Aim of the exercise: If a line in the entries below holds the string "thesis", copy it.

Extracted entries:

*** Begin section ***

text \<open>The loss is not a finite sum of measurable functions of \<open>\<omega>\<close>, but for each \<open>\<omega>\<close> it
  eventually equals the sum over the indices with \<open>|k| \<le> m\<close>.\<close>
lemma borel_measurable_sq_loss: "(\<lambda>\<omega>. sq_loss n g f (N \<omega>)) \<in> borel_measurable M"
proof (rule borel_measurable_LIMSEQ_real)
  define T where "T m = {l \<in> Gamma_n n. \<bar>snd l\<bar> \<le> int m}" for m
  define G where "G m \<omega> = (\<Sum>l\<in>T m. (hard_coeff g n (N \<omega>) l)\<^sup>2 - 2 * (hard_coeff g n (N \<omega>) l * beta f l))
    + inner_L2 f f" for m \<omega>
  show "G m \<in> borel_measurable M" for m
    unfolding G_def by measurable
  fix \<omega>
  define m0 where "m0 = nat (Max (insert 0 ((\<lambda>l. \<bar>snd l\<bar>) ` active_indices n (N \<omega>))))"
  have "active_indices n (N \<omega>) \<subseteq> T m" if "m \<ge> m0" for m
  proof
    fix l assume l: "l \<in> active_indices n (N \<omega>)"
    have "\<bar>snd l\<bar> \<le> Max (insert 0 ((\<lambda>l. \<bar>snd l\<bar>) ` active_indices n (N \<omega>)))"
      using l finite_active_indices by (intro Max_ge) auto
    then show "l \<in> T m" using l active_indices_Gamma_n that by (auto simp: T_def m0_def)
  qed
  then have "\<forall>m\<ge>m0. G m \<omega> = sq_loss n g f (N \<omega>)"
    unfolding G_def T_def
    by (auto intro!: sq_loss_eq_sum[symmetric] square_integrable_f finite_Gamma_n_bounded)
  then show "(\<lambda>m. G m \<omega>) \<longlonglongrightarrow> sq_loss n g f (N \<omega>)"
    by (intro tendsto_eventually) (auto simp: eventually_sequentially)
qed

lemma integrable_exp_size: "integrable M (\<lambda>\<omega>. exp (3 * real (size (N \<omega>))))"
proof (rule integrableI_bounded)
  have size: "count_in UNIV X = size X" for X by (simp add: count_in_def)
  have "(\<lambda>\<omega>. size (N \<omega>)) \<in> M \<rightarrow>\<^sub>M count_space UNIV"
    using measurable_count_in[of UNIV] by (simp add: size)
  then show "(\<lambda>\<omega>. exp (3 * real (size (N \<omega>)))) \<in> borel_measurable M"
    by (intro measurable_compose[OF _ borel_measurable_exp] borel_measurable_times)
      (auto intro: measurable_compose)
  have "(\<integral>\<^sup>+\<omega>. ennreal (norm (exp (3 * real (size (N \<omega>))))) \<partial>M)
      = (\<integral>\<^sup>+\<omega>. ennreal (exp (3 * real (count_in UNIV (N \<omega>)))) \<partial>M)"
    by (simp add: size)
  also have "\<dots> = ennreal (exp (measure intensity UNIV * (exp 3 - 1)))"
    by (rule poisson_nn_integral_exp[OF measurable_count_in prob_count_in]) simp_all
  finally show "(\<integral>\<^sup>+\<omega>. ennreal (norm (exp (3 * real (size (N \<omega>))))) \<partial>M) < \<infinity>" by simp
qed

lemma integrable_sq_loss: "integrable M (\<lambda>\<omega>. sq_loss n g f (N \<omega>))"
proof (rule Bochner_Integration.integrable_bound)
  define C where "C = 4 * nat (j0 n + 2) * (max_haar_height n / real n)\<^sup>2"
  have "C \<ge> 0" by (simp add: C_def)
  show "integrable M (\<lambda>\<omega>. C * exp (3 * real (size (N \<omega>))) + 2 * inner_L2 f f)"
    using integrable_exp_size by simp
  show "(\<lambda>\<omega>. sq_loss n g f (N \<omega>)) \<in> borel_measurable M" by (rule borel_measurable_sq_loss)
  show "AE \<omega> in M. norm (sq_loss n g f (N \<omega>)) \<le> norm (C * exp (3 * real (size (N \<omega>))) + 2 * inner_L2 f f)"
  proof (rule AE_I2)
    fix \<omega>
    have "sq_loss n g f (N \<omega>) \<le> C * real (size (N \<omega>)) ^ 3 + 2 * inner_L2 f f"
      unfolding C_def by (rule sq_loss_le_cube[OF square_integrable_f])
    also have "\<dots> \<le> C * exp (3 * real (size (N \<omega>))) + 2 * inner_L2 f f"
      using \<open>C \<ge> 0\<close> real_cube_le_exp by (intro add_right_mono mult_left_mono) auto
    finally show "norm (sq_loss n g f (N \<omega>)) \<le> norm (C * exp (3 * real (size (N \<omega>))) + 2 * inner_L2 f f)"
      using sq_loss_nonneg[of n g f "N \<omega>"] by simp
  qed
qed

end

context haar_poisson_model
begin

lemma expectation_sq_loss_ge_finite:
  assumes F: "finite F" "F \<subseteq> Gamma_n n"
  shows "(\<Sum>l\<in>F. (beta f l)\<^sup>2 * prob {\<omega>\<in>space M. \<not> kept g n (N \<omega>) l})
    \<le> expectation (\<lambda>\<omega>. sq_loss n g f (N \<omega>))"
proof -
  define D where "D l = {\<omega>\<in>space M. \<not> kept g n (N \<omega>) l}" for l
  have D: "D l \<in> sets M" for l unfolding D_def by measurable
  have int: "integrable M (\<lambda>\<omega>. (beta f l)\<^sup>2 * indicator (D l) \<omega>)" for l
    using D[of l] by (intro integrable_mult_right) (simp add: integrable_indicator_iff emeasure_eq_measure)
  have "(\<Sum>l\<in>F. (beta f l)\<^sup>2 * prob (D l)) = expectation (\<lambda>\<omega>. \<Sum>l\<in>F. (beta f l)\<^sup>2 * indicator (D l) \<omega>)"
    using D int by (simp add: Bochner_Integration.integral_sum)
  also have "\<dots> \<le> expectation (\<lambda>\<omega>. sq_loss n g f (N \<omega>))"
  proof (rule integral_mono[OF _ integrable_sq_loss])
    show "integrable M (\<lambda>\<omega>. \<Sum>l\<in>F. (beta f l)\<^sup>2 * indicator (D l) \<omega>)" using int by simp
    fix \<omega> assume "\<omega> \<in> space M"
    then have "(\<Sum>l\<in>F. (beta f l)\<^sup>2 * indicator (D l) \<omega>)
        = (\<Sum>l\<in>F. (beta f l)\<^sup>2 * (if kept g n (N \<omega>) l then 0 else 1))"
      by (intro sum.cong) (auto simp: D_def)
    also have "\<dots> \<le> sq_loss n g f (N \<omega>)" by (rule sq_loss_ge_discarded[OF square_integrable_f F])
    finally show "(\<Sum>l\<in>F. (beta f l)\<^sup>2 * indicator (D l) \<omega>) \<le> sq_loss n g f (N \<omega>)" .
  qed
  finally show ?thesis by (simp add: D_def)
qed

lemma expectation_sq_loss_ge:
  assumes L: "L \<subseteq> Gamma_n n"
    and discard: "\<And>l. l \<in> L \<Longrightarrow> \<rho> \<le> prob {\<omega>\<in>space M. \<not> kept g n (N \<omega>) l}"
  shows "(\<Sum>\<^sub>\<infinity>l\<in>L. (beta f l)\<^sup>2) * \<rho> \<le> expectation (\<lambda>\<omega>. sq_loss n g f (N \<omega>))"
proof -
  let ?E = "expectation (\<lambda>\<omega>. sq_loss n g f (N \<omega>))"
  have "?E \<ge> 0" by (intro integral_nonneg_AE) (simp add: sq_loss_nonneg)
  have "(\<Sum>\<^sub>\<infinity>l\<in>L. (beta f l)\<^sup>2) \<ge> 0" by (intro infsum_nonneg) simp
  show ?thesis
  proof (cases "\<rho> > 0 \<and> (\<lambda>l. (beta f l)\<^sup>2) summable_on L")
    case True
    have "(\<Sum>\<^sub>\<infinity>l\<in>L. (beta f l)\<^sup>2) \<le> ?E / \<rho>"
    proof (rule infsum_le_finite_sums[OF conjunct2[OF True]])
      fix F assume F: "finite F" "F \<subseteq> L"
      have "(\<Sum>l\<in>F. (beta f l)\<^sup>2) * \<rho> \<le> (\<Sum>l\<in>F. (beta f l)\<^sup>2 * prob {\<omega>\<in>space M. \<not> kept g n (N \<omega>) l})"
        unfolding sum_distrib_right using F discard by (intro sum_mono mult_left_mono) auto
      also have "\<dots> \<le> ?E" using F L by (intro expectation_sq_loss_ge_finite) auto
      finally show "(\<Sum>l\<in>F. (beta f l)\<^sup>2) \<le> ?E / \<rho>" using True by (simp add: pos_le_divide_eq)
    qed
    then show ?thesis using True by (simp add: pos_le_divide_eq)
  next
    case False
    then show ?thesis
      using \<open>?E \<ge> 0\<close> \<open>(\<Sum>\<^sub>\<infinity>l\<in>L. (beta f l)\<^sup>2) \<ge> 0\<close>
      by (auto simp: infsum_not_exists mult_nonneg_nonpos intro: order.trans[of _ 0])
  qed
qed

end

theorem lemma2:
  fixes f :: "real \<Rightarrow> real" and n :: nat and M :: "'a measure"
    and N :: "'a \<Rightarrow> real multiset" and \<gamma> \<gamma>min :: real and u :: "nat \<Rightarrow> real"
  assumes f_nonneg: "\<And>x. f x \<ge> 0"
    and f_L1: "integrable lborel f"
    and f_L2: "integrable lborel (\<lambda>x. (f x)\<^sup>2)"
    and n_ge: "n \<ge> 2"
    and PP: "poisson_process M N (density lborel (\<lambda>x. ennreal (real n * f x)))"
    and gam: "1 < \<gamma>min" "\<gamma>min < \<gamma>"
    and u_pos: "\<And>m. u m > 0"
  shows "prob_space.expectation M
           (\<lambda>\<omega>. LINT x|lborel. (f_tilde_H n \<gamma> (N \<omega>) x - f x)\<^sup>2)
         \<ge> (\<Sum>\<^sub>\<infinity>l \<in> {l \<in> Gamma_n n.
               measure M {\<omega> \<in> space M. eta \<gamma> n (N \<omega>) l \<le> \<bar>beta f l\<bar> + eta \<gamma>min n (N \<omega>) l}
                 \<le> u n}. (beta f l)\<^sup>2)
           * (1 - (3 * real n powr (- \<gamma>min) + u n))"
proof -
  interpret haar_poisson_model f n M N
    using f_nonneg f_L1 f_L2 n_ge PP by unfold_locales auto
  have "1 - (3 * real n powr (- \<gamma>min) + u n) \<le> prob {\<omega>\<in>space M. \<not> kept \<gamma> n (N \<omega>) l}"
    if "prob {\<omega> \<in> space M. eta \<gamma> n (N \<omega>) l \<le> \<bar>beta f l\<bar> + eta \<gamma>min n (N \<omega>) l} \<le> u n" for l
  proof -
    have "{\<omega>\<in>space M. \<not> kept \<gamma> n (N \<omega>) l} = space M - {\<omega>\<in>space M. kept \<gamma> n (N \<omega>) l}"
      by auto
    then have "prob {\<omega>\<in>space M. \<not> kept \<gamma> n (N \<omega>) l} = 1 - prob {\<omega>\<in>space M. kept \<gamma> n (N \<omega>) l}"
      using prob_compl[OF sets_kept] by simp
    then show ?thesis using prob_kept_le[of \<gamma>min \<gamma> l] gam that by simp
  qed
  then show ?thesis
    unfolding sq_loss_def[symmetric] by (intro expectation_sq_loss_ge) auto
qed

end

*** End section ***

Output of the task:
  finally show ?thesis by (simp add: D_def)
  show ?thesis
    then show ?thesis using True by (simp add: pos_le_divide_eq)
    then show ?thesis
    then show ?thesis using prob_kept_le[of \<gamma>min \<gamma> l] gam that by simp
  then show ?thesis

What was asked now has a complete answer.